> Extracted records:
(* Let $G$ be a graph, $\mathcal{C}=\{1,\dots,q\}$ a set of colors, $\lambda:E(G)\to 2^{\mathcal{C}}\setminus\{\emptyset\}$, and $\gamma:\{(e,c)\mid e\in E(G),c\in\lambda(e)\}\to\mathbb{Q}_{\ge 0}$. Construct $G'$ as follows: for each $c\in\mathcal{C}$ let $G_c$ be a copy of $G$ with vertex set $V(G_c)=\{v_c\mid v\in V(G)\}$ containing exactly the edges $\{v_c,w_c\}$ with $\{v,w\}\in E(G)$ and $c\in\lambda(\{v,w\})$, of weight $\gamma'(\{v_c,w_c\})=\gamma(\{v,w\},c)$; for each $v\in V(G)$ add an independent set $J(v)$ of $q-1$ new vertices and all edges $\{v_c,x\}$ for $c\in\mathcal{C}$, $x\in J(v)$, each of weight $0$. Let $J=\bigcup_{v\in V(G)}J(v)$, partition $V(G')$ as $V(G_1)\uplus\dots\uplus V(G_q)\uplus J$, and let $H'$ be the graph with vertex set $\{V(G_1),\dots,V(G_q),J\}$ whose edges are exactly one self-loop $\{V(G_c),V(G_c)\}$ for each $c\in\mathcal{C}$. Then for every $\ell$, $G$ has a perfect over-the-rainbow matching of weight $\ell$ if and only if $G'$ has a perfect conjoining matching (with respect to $H'$ and this partition) of weight $\ell$.
   Context: A perfect over-the-rainbow matching of $G$ is a pair $(M,\xi)$ where $M$ is a perfect matching of $G$ and $\xi:M\to\mathcal{C}$ is surjective with $\xi(e)\in\lambda(e)$ for all $e\in M$; its weight is $\sum_{e\in M}\gamma(e,\xi(e))$. Given a graph $G'$ with edge weights, a partition $V(G')=V_1\uplus\dots\uplus V_t$, and a graph $H'$ (possibly with self-loops) on vertex set $\{V_1,\dots,V_t\}$, a perfect conjoining matching is a perfect matching $M'$ of $G'$ such that for every edge $\{V_i,V_j\}\in E(H')$ (with $i=j$ for a self-loop) there is an edge $\{u,v\}\in M'$ with $u\in V_i$ and $v\in V_j$; its weight is the sum of the weights of its edges. *)

theory Defs
  imports Complex_Main
begin

definition simple_graph :: "'a set \<Rightarrow> 'a set set \<Rightarrow> bool" where
  "simple_graph V E \<longleftrightarrow> finite V \<and>
     (\<forall>e\<in>E. \<exists>u v. e = {u, v} \<and> u \<noteq> v \<and> u \<in> V \<and> v \<in> V)"

definition perfect_matching :: "'a set \<Rightarrow> 'a set set \<Rightarrow> 'a set set \<Rightarrow> bool" where
  "perfect_matching V E M \<longleftrightarrow> M \<subseteq> E \<and> (\<forall>v\<in>V. \<exists>!e. e \<in> M \<and> v \<in> e)"

definition perfect_otr_matching ::
  "'a set \<Rightarrow> 'a set set \<Rightarrow> 'c set \<Rightarrow> ('a set \<Rightarrow> 'c set) \<Rightarrow> 'a set set \<Rightarrow> ('a set \<Rightarrow> 'c) \<Rightarrow> bool" where
  "perfect_otr_matching V E C lam M \<xi> \<longleftrightarrow> perfect_matching V E M \<and> \<xi> ` M = C \<and> (\<forall>e\<in>M. \<xi> e \<in> lam e)"

definition otr_weight :: "('a set \<Rightarrow> 'c \<Rightarrow> rat) \<Rightarrow> 'a set set \<Rightarrow> ('a set \<Rightarrow> 'c) \<Rightarrow> rat" where
  "otr_weight gam M \<xi> = (\<Sum>e\<in>M. gam e (\<xi> e))"

text \<open>Perfect conjoining matching of (V', E') w.r.t. a partition P of V' and a graph H'
  on vertex set P with edge set EH; an edge of H' is a set {X, Y} of parts
  (a self-loop at X is {X, X} = {X}).\<close>
definition perfect_conjoining_matching ::
  "'b set \<Rightarrow> 'b set set \<Rightarrow> 'b set set \<Rightarrow> 'b set set set \<Rightarrow> 'b set set \<Rightarrow> bool" where
  "perfect_conjoining_matching V' E' P EH M' \<longleftrightarrow> perfect_matching V' E' M' \<and>
     (\<forall>h\<in>EH. \<exists>X Y. h = {X, Y} \<and> (\<exists>u v. {u, v} \<in> M' \<and> u \<in> X \<and> v \<in> Y))"

text \<open>The construction. Vertex v_c is Inl (v, c); the vertices of J(v) are Inr (v, i), 1 \<le> i \<le> q-1.\<close>
definition copyV :: "'a set \<Rightarrow> nat \<Rightarrow> ('a \<times> nat + 'a \<times> nat) set" where
  "copyV V c = {Inl (v, c) | v. v \<in> V}"

definition Jv :: "nat \<Rightarrow> 'a \<Rightarrow> ('a \<times> nat + 'a \<times> nat) set" where
  "Jv q v = {Inr (v, i) | i. i \<in> {1..q-1}}"

definition JJ :: "'a set \<Rightarrow> nat \<Rightarrow> ('a \<times> nat + 'a \<times> nat) set" where
  "JJ V q = (\<Union>v\<in>V. Jv q v)"

definition Gp_V :: "'a set \<Rightarrow> nat \<Rightarrow> ('a \<times> nat + 'a \<times> nat) set" where
  "Gp_V V q = (\<Union>c\<in>{1..q}. copyV V c) \<union> JJ V q"

definition Gp_E :: "'a set \<Rightarrow> 'a set set \<Rightarrow> nat \<Rightarrow> ('a set \<Rightarrow> nat set)
     \<Rightarrow> ('a \<times> nat + 'a \<times> nat) set set" where
  "Gp_E V E q lam =
     {{Inl (v, c), Inl (w, c)} | v w c. {v, w} \<in> E \<and> c \<in> {1..q} \<and> c \<in> lam {v, w}}
     \<union> {{Inl (v, c), x} | v c x. v \<in> V \<and> c \<in> {1..q} \<and> x \<in> Jv q v}"

definition Gp_weight :: "('a set \<Rightarrow> nat \<Rightarrow> rat) \<Rightarrow> ('a \<times> nat + 'a \<times> nat) set \<Rightarrow> rat" where
  "Gp_weight gam e' =
     (if \<exists>v w c. e' = {Inl (v, c), Inl (w, c)}
      then (let (v, w, c) = (SOME (v, w, c). e' = {Inl (v, c), Inl (w, c)}) in gam {v, w} c)
      else 0)"

definition Gp_parts :: "'a set \<Rightarrow> nat \<Rightarrow> ('a \<times> nat + 'a \<times> nat) set set" where
  "Gp_parts V q = {copyV V c | c. c \<in> {1..q}} \<union> {JJ V q}"

definition Hp_E :: "'a set \<Rightarrow> nat \<Rightarrow> ('a \<times> nat + 'a \<times> nat) set set set" where
  "Hp_E V q = {{copyV V c, copyV V c} | c. c \<in> {1..q}}"

end

(*
  Lifting: an over-the-rainbow matching (M, xi) becomes the copy edges {v_c, w_c} with
  c = xi {v, w}.  Each vertex v then has exactly one matched copy, v_k, and the other q - 1
  copies of v are matched to J(v), which has q - 1 vertices, by edges of weight 0.
  Projecting: in a perfect matching of G' every vertex of J(v) is matched to a copy of v,
  and these copies are all different.  So exactly q - 1 copies of v are used up, and the one
  that is left lies on a copy edge.  Hence the copy edges project to a perfect matching of G
  coloured by copy index.  In both directions the self-loops of H' say that every colour is
  used, and only copy edges have nonzero weight.
*)
theory Submission
  imports Defs
begin

lemma perfect_matching_edge_unique:
  "perfect_matching V E M \<Longrightarrow> x \<in> V \<Longrightarrow> e \<in> M \<Longrightarrow> e' \<in> M \<Longrightarrow> x \<in> e \<Longrightarrow> x \<in> e' \<Longrightarrow> e = e'"
  unfolding perfect_matching_def by blast

lemma perfect_matching_covers: "perfect_matching V E M \<Longrightarrow> x \<in> V \<Longrightarrow> \<exists>e\<in>M. x \<in> e"
  unfolding perfect_matching_def by blast

lemma perfect_matching_Un:
  assumes "perfect_matching V1 E1 M1" "perfect_matching V2 E2 M2"
    and "\<forall>e\<in>M1. e \<inter> V2 = {}" "\<forall>e\<in>M2. e \<inter> V1 = {}"
  shows "perfect_matching (V1 \<union> V2) (E1 \<union> E2) (M1 \<union> M2)"
  unfolding perfect_matching_def
proof (intro conjI ballI)
  show "M1 \<union> M2 \<subseteq> E1 \<union> E2"
    using assms(1,2) unfolding perfect_matching_def by blast
  fix x assume "x \<in> V1 \<union> V2"
  then show "\<exists>!e. e \<in> M1 \<union> M2 \<and> x \<in> e"
  proof
    assume "x \<in> V1"
    then have "\<exists>!e. e \<in> M1 \<and> x \<in> e" "\<forall>e\<in>M2. x \<notin> e"
      using assms(1,4) unfolding perfect_matching_def by auto
    then show ?thesis
      by blast
  next
    assume "x \<in> V2"
    then have "\<exists>!e. e \<in> M2 \<and> x \<in> e" "\<forall>e\<in>M1. x \<notin> e"
      using assms(2,3) unfolding perfect_matching_def by auto
    then show ?thesis
      by blast
  qed
qed

definition matched_edge :: "'a set set \<Rightarrow> 'a \<Rightarrow> 'a set" where
  "matched_edge M v = (THE e. e \<in> M \<and> v \<in> e)"

lemma matched_edge_mem:
  assumes "perfect_matching V E M" "v \<in> V"
  shows "matched_edge M v \<in> M" "v \<in> matched_edge M v"
  using theI'[of "\<lambda>e. e \<in> M \<and> v \<in> e"] assms
  unfolding matched_edge_def perfect_matching_def by auto

lemma matched_edge_eq:
  assumes "perfect_matching V E M" "v \<in> V" "e \<in> M" "v \<in> e"
  shows "matched_edge M v = e"
  using perfect_matching_edge_unique[OF assms(1,2) _ assms(3) _ assms(4)] matched_edge_mem[OF assms(1,2)]
  by blast

definition skip_index :: "nat \<Rightarrow> nat \<Rightarrow> nat" where
  "skip_index k c = (if c < k then c else c - 1)"

lemma bij_betw_skip_index:
  assumes "k \<in> {1..q}"
  shows "bij_betw (skip_index k) ({1..q} - {k}) {1..q-1}"
  unfolding bij_betw_def
proof
  show "inj_on (skip_index k) ({1..q} - {k})"
    by (auto simp: inj_on_def skip_index_def split: if_splits)
  show "skip_index k ` ({1..q} - {k}) = {1..q-1}"
  proof
    show "skip_index k ` ({1..q} - {k}) \<subseteq> {1..q-1}"
      using assms by (auto simp: skip_index_def)
  next
    show "{1..q-1} \<subseteq> skip_index k ` ({1..q} - {k})"
    proof
      fix j assume "j \<in> {1..q-1}"
      then have "(if j < k then j else j + 1) \<in> {1..q} - {k}"
        "j = skip_index k (if j < k then j else j + 1)"
        using assms by (auto simp: skip_index_def)
      then show "j \<in> skip_index k ` ({1..q} - {k})"
        by blast
    qed
  qed
qed

definition lift_edge :: "'a set \<Rightarrow> nat \<Rightarrow> ('a \<times> nat + 'a \<times> nat) set" where
  "lift_edge e c = (\<lambda>v. Inl (v, c)) ` e"

definition lift_matching :: "'a set set \<Rightarrow> ('a set \<Rightarrow> nat) \<Rightarrow> ('a \<times> nat + 'a \<times> nat) set set" where
  "lift_matching M \<xi> = (\<lambda>e. lift_edge e (\<xi> e)) ` M"

definition copy_edges :: "'a set set \<Rightarrow> nat \<Rightarrow> ('a set \<Rightarrow> nat set) \<Rightarrow> ('a \<times> nat + 'a \<times> nat) set set" where
  "copy_edges E q lam = {lift_edge e c | e c. e \<in> E \<and> c \<in> {1..q} \<and> c \<in> lam e}"

definition junction_edges :: "'a set \<Rightarrow> nat \<Rightarrow> ('a \<times> nat + 'a \<times> nat) set set" where
  "junction_edges V q = {{Inl (v, c), Inr (v, i)} | v c i. v \<in> V \<and> c \<in> {1..q} \<and> i \<in> {1..q-1}}"

lemma Inl_mem_lift_edge_iff [simp]: "Inl (v, c') \<in> lift_edge e c \<longleftrightarrow> v \<in> e \<and> c' = c"
  unfolding lift_edge_def by auto

lemma Inr_not_mem_lift_edge [simp]: "Inr x \<notin> lift_edge e c"
  unfolding lift_edge_def by auto

lemma lift_edge_doubleton [simp]: "lift_edge {v, w} c = {Inl (v, c), Inl (w, c)}"
  unfolding lift_edge_def by simp

lemma lift_edge_inject: "lift_edge e c = lift_edge e' c' \<Longrightarrow> e = e'"
  by (metis Inl_mem_lift_edge_iff subsetI subset_antisym)

lemma inj_on_lift_matching: "inj_on (\<lambda>e. lift_edge e (\<xi> e)) M"
  by (meson inj_onI lift_edge_inject)

lemma Gp_V_eq: "Gp_V V q = Inl ` (V \<times> {1..q}) \<union> Inr ` (V \<times> {1..q-1})"
  unfolding Gp_V_def copyV_def JJ_def Jv_def by auto

lemma Gp_E_eq:
  assumes "simple_graph V E"
  shows "Gp_E V E q lam = copy_edges E q lam \<union> junction_edges V q"
proof -
  have "\<exists>v w. e = {v, w}" if "e \<in> E" for e
    using assms that unfolding simple_graph_def by blast
  then have "{{Inl (v, c), Inl (w, c)} | v w c. {v, w} \<in> E \<and> c \<in> {1..q} \<and> c \<in> lam {v, w}}
      = copy_edges E q lam"
    unfolding copy_edges_def by (auto simp del: lift_edge_doubleton) (metis lift_edge_doubleton)+
  moreover have "{{Inl (v, c), x} | v c x. v \<in> V \<and> c \<in> {1..q} \<and> x \<in> Jv q v} = junction_edges V q"
    unfolding junction_edges_def Jv_def by blast
  ultimately show ?thesis
    unfolding Gp_E_def by simp
qed

lemma copy_edges_disjoint_junction_edges: "copy_edges E q lam \<inter> junction_edges V q = {}"
  unfolding copy_edges_def junction_edges_def by auto

lemma lift_edge_mem_copy_edges_iff:
  assumes "simple_graph V E"
  shows "lift_edge e c \<in> copy_edges E q lam \<longleftrightarrow> e \<in> E \<and> c \<in> {1..q} \<and> c \<in> lam e"
proof
  assume "lift_edge e c \<in> copy_edges E q lam"
  then obtain e0 c0 where e0: "lift_edge e c = lift_edge e0 c0" "e0 \<in> E" "c0 \<in> {1..q}" "c0 \<in> lam e0"
    unfolding copy_edges_def by blast
  moreover obtain v where "v \<in> e0"
    using assms e0(2) unfolding simple_graph_def by blast
  ultimately show "e \<in> E \<and> c \<in> {1..q} \<and> c \<in> lam e"
    using lift_edge_inject by (metis Inl_mem_lift_edge_iff)
qed (auto simp: copy_edges_def)

lemma Inr_mem_Gp_E_edge:
  assumes "simple_graph V E" "e \<in> Gp_E V E q lam" "Inr (v, i) \<in> e"
  shows "v \<in> V \<and> i \<in> {1..q-1} \<and> (\<exists>c\<in>{1..q}. e = {Inl (v, c), Inr (v, i)})"
  using assms(2,3) unfolding Gp_E_eq[OF assms(1)] copy_edges_def junction_edges_def by auto

lemma finite_Gp_E:
  assumes "simple_graph V E"
  shows "finite (Gp_E V E q lam)"
proof -
  have "finite V" "E \<subseteq> Pow V"
    using assms unfolding simple_graph_def by auto
  then have "finite (E \<times> {1..q})"
    by (simp add: finite_subset)
  moreover have "copy_edges E q lam \<subseteq> (\<lambda>(e, c). lift_edge e c) ` (E \<times> {1..q})"
    unfolding copy_edges_def by auto
  ultimately have "finite (copy_edges E q lam)"
    by (meson finite_imageI finite_subset)
  moreover have "junction_edges V q
      \<subseteq> (\<lambda>(v, c, i). {Inl (v, c), Inr (v, i)}) ` (V \<times> {1..q} \<times> {1..q-1})"
    unfolding junction_edges_def by auto
  then have "finite (junction_edges V q)"
    using \<open>finite V\<close> by (meson finite_SigmaI finite_atLeastAtMost finite_imageI finite_subset)
  ultimately show ?thesis
    unfolding Gp_E_eq[OF assms] by simp
qed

> Instructions for the task:
Please tally the lines of the data in which the string "obtain" appears and write only the total.

> Solution for this exercise:
2